◆ **The problem**
The stretch wanted below opens at the line containing "unfolding Aff2_def by" and closes at the line containing "using that \<open>x0". Please return it exactly, with no other lines.

◆ **Data supplied**
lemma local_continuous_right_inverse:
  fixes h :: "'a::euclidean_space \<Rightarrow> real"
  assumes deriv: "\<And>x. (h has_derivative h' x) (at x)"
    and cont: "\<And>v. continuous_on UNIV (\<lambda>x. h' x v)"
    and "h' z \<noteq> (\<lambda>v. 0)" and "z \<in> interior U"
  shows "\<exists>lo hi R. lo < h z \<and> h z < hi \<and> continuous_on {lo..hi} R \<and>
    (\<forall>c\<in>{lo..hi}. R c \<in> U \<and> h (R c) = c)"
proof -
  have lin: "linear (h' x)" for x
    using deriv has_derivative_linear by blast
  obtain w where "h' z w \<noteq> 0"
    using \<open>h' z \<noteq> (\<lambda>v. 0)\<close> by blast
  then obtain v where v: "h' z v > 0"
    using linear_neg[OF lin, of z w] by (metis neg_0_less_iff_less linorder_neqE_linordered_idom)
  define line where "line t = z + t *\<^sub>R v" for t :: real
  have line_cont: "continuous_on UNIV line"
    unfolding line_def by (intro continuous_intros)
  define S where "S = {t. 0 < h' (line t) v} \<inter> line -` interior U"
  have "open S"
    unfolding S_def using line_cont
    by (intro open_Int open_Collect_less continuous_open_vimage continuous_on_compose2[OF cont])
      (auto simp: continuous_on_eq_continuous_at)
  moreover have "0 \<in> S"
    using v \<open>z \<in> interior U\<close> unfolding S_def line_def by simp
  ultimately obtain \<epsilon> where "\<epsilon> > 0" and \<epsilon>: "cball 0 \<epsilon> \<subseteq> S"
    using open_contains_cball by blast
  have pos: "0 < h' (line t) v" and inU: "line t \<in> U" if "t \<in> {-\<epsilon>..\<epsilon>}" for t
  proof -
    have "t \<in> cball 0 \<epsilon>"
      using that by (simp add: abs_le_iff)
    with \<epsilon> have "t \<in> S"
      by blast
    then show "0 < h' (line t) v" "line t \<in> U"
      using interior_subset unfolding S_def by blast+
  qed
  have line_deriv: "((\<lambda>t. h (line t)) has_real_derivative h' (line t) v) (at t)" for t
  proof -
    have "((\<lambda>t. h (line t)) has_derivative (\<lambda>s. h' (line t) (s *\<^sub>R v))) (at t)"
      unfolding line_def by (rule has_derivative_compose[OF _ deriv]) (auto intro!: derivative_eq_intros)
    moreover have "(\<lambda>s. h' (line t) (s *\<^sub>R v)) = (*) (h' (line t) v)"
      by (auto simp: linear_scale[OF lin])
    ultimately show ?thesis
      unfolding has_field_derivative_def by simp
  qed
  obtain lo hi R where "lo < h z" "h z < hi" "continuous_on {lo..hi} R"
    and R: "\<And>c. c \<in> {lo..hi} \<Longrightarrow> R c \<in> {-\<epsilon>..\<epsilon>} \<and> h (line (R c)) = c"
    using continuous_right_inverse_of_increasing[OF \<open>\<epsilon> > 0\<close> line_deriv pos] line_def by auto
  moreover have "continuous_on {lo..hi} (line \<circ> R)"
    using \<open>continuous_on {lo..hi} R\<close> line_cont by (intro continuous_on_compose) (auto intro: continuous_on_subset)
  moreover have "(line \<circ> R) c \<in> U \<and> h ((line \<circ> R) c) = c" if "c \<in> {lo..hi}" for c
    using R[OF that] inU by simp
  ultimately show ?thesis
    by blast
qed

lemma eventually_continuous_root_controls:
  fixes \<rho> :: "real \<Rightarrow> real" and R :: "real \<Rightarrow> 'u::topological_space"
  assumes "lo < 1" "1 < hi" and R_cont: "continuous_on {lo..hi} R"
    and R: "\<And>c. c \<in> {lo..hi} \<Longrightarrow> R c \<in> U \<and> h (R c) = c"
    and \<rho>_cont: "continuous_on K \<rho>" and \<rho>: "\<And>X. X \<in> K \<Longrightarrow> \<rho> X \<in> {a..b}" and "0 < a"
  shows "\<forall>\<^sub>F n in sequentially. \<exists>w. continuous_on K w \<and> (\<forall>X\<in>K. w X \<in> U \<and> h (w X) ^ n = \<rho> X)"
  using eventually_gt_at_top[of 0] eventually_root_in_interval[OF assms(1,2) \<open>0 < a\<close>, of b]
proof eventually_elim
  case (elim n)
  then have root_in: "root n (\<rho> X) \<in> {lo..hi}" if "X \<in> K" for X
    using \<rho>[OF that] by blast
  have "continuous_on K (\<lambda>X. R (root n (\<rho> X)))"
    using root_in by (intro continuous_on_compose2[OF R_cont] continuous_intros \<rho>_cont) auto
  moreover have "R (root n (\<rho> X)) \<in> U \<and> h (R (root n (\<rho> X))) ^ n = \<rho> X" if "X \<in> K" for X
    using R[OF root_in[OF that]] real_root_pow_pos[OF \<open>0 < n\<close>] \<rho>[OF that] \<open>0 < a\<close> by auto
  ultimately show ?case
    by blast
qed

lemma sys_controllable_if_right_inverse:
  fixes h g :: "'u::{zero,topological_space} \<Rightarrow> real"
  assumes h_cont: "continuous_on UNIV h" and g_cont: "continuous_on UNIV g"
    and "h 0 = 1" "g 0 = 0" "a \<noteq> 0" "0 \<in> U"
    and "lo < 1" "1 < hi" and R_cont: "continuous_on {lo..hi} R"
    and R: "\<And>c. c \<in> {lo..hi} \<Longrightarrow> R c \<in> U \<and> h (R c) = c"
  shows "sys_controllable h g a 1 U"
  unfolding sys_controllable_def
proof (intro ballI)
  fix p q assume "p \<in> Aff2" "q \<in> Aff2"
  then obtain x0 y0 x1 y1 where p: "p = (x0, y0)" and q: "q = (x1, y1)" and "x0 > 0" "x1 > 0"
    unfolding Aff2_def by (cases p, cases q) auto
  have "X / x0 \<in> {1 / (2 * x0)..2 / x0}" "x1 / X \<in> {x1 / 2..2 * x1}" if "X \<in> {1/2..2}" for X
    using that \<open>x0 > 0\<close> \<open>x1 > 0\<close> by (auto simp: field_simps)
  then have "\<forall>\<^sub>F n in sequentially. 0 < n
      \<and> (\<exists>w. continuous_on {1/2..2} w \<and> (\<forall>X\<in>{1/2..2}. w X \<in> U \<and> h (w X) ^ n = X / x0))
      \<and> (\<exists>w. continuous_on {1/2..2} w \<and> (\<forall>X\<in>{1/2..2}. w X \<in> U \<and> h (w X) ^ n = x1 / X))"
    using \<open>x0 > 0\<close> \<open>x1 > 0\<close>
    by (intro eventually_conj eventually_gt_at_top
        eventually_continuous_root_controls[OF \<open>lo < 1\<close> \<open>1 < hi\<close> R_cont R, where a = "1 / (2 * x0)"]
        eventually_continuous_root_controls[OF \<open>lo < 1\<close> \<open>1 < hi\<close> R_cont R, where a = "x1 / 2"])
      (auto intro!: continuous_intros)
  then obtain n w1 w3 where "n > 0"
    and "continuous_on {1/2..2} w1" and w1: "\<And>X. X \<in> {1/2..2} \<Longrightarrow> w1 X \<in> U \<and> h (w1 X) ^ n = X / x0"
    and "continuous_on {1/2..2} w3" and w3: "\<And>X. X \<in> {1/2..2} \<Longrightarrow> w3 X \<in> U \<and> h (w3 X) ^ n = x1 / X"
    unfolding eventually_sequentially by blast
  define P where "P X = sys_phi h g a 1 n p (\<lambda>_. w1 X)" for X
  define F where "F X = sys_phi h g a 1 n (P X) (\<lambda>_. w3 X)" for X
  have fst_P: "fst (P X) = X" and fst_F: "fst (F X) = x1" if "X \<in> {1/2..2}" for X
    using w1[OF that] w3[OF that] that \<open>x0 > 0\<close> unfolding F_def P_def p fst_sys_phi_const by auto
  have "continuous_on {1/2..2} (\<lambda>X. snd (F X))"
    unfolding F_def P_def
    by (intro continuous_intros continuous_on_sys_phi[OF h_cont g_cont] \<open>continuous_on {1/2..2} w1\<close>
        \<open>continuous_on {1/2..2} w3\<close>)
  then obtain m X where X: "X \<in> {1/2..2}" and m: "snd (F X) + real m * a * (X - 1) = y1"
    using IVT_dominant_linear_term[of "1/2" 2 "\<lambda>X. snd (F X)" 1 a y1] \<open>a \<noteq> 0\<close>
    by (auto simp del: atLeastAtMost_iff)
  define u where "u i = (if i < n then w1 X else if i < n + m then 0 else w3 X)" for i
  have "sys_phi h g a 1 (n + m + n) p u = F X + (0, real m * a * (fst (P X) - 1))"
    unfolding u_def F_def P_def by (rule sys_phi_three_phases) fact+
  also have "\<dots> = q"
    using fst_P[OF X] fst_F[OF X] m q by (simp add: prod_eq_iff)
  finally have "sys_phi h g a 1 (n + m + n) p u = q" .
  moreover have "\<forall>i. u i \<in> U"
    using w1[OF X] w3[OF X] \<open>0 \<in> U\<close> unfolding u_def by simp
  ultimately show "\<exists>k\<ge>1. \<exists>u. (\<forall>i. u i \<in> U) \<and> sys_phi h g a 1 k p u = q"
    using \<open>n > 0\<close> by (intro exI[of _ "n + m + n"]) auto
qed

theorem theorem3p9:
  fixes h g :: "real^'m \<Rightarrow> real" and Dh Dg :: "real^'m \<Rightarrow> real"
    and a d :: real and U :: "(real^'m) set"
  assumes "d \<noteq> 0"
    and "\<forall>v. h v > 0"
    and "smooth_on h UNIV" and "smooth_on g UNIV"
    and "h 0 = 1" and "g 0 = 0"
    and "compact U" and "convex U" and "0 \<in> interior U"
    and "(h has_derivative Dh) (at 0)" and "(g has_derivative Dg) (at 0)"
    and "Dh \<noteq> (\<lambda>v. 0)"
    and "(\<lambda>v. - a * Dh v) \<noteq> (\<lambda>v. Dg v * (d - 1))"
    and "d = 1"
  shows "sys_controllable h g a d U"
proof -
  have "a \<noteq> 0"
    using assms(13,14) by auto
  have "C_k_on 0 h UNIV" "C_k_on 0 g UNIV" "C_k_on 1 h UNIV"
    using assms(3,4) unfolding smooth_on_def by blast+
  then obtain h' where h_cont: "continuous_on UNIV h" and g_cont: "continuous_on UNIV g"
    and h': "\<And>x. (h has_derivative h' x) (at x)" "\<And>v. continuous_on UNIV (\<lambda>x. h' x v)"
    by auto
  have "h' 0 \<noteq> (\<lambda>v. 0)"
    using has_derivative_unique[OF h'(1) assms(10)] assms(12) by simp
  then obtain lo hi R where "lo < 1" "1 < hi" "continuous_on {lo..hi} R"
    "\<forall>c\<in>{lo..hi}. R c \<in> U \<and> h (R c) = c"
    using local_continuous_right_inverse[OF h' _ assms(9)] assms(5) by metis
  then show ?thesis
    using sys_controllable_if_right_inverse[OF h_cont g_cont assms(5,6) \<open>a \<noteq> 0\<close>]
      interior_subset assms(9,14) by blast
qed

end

◆ **Exercise response**
    unfolding Aff2_def by (cases p, cases q) auto
  have "X / x0 \<in> {1 / (2 * x0)..2 / x0}" "x1 / X \<in> {x1 / 2..2 * x1}" if "X \<in> {1/2..2}" for X
    using that \<open>x0 > 0\<close> \<open>x1 > 0\<close> by (auto simp: field_simps)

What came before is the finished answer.